Task brief:
Your answer should consist of the lines in the data below that contain "cases".

(Saved entries)

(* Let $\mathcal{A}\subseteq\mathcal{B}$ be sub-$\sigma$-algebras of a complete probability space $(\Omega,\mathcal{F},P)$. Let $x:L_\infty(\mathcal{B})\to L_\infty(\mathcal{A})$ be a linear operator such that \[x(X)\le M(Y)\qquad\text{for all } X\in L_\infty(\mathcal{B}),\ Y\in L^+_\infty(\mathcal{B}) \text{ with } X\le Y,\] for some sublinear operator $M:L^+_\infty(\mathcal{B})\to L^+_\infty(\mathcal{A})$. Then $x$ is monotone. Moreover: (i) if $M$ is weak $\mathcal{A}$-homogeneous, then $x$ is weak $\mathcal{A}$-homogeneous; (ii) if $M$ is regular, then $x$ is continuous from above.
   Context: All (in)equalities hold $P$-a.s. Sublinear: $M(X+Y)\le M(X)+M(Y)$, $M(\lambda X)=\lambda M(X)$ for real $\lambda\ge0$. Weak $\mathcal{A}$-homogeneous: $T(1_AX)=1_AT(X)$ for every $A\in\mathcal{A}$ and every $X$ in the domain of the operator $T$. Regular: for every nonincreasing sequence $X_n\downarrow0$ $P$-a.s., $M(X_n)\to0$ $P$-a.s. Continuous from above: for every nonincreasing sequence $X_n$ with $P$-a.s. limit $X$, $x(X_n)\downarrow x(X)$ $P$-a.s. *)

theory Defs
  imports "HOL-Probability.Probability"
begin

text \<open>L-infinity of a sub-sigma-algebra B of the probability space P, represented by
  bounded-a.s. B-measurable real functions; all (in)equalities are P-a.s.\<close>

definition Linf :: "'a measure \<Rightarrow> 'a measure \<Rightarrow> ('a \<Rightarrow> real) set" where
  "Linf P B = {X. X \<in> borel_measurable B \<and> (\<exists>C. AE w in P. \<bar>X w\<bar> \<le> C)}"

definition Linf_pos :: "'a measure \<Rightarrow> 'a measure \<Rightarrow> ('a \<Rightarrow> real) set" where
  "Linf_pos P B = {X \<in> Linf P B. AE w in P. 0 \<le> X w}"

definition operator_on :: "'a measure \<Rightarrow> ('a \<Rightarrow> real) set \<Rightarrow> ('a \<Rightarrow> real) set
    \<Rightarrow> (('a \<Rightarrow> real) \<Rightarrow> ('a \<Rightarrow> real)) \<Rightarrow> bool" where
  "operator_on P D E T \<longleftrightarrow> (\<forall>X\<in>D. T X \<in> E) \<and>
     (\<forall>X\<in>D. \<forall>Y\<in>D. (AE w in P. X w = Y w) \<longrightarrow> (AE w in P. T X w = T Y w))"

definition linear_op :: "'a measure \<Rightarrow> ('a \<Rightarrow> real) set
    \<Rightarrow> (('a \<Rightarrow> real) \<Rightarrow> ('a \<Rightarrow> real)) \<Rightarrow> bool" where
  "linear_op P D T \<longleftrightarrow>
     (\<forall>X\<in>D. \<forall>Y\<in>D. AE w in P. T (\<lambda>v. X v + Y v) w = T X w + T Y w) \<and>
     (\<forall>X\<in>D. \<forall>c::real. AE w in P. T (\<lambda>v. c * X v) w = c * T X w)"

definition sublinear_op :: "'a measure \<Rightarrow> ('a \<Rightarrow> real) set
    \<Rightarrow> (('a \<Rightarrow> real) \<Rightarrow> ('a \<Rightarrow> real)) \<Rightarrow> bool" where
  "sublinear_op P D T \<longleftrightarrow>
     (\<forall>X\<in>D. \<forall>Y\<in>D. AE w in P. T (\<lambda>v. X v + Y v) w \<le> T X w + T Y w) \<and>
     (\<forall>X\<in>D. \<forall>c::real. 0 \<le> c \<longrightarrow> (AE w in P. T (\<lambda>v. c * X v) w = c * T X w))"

* * *

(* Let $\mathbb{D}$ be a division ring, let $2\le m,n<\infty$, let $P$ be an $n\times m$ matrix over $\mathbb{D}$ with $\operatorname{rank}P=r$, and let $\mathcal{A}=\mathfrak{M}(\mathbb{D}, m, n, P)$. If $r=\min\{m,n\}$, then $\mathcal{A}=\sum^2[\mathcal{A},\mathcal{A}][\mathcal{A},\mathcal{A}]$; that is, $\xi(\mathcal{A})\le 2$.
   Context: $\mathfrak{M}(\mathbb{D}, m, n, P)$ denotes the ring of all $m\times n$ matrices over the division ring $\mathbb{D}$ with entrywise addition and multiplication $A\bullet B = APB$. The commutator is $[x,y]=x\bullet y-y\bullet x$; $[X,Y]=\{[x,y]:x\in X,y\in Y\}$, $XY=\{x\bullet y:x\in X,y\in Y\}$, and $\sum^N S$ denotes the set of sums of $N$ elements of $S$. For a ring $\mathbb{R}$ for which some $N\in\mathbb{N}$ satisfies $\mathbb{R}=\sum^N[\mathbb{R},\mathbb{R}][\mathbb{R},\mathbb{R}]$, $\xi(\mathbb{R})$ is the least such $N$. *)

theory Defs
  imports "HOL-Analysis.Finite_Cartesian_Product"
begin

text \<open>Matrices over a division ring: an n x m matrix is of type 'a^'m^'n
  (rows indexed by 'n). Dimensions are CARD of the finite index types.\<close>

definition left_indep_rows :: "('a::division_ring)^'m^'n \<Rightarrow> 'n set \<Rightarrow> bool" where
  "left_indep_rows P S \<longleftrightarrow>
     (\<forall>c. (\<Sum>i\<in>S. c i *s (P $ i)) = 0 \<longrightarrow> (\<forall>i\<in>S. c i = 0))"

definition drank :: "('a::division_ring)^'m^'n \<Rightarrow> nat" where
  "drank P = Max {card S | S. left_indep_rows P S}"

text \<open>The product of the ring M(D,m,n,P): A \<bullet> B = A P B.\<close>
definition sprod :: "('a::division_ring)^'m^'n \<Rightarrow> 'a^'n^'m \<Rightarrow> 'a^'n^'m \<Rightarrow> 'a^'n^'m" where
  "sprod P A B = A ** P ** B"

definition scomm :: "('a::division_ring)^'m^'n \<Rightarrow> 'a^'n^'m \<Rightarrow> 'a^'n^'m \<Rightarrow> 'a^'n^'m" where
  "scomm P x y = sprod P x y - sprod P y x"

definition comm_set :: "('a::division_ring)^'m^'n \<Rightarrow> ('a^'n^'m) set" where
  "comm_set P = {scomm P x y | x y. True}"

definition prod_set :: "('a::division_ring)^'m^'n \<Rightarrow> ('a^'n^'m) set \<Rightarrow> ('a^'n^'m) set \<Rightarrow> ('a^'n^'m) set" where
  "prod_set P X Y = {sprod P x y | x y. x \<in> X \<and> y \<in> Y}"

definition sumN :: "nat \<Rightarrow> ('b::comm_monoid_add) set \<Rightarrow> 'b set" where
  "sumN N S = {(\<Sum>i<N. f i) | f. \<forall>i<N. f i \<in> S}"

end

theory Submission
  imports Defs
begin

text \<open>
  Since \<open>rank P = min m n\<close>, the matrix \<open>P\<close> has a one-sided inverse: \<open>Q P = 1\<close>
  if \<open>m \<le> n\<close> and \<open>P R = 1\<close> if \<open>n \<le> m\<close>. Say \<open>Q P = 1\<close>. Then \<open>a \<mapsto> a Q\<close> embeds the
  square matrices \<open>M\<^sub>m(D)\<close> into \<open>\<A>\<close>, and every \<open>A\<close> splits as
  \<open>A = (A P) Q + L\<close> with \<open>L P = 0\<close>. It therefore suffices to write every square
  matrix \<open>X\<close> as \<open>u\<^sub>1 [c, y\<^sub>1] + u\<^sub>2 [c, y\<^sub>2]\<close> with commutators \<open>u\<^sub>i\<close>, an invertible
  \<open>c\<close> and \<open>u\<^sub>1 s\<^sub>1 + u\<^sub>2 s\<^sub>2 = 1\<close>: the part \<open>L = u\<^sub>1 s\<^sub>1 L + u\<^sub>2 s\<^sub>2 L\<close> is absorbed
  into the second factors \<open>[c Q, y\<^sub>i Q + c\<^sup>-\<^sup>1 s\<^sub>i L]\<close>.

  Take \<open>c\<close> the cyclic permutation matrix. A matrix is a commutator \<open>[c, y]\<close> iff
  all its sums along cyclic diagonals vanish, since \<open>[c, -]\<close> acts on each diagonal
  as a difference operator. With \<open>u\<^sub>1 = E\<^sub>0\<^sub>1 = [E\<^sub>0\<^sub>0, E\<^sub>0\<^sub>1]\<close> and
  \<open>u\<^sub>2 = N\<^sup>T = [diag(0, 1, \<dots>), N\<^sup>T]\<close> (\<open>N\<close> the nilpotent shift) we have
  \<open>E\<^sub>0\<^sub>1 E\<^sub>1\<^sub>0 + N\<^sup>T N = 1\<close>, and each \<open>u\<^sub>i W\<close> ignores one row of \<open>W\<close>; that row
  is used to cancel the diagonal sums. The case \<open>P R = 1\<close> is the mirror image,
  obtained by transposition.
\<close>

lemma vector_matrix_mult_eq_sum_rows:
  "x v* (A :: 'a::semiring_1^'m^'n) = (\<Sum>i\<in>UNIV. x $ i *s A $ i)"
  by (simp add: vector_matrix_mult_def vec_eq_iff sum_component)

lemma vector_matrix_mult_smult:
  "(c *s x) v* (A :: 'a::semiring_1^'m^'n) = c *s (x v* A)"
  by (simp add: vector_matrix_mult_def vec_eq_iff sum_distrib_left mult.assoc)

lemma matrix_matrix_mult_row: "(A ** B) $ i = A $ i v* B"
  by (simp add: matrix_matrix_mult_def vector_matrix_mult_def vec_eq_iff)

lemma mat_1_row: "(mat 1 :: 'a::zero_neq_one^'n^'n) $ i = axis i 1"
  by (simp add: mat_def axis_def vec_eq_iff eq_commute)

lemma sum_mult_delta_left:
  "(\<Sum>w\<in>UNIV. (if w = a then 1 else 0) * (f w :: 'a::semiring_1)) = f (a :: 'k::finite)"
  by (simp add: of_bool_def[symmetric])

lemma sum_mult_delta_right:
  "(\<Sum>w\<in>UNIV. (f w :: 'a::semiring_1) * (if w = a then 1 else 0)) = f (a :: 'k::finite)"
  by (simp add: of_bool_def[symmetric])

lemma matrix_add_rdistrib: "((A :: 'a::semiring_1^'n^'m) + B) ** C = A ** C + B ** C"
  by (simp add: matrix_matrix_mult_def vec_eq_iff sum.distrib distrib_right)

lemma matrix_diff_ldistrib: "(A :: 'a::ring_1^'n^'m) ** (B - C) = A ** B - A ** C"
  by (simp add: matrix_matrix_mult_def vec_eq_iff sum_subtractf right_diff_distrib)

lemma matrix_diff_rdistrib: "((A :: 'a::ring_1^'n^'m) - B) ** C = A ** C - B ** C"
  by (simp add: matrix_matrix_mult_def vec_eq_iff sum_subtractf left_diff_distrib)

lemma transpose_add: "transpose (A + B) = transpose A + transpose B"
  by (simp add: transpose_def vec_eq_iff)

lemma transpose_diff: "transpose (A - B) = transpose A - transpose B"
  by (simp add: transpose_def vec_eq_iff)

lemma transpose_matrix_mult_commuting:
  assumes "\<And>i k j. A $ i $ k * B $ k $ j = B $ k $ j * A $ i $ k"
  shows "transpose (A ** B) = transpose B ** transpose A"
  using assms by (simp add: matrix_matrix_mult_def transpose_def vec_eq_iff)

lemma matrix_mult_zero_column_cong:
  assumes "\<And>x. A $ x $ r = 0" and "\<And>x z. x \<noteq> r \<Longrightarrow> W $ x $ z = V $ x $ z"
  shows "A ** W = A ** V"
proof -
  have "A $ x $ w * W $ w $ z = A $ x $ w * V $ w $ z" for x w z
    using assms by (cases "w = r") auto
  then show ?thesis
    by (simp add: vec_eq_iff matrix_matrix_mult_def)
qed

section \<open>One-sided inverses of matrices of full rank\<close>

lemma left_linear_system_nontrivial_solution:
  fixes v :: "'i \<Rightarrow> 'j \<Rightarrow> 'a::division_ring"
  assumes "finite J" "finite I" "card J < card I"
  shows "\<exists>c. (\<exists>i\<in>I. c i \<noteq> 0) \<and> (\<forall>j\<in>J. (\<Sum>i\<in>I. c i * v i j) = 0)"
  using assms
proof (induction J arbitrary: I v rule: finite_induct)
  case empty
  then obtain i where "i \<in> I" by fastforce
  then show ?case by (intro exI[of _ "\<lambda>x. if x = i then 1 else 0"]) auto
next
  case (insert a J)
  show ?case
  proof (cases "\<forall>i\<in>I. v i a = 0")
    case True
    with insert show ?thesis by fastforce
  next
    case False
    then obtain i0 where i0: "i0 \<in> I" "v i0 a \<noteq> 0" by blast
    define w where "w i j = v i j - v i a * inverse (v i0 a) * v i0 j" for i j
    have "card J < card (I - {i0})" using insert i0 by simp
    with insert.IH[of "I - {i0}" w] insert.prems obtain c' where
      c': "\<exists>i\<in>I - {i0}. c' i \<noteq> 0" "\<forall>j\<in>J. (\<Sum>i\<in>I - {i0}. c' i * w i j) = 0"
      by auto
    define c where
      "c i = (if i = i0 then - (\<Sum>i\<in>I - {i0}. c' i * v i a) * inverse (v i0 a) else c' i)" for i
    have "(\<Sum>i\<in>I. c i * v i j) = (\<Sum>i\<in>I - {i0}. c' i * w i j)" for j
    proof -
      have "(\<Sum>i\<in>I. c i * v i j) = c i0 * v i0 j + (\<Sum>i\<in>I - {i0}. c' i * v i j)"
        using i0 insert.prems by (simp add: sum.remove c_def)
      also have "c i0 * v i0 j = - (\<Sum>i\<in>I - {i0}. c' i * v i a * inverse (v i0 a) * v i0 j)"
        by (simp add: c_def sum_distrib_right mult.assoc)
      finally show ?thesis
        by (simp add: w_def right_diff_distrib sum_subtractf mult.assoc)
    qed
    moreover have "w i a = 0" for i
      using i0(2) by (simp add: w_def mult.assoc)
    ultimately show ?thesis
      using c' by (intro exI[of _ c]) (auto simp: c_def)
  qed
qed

Your response:
    using assms by (cases "w = r") auto
  proof (cases "\<forall>i\<in>I. v i a = 0")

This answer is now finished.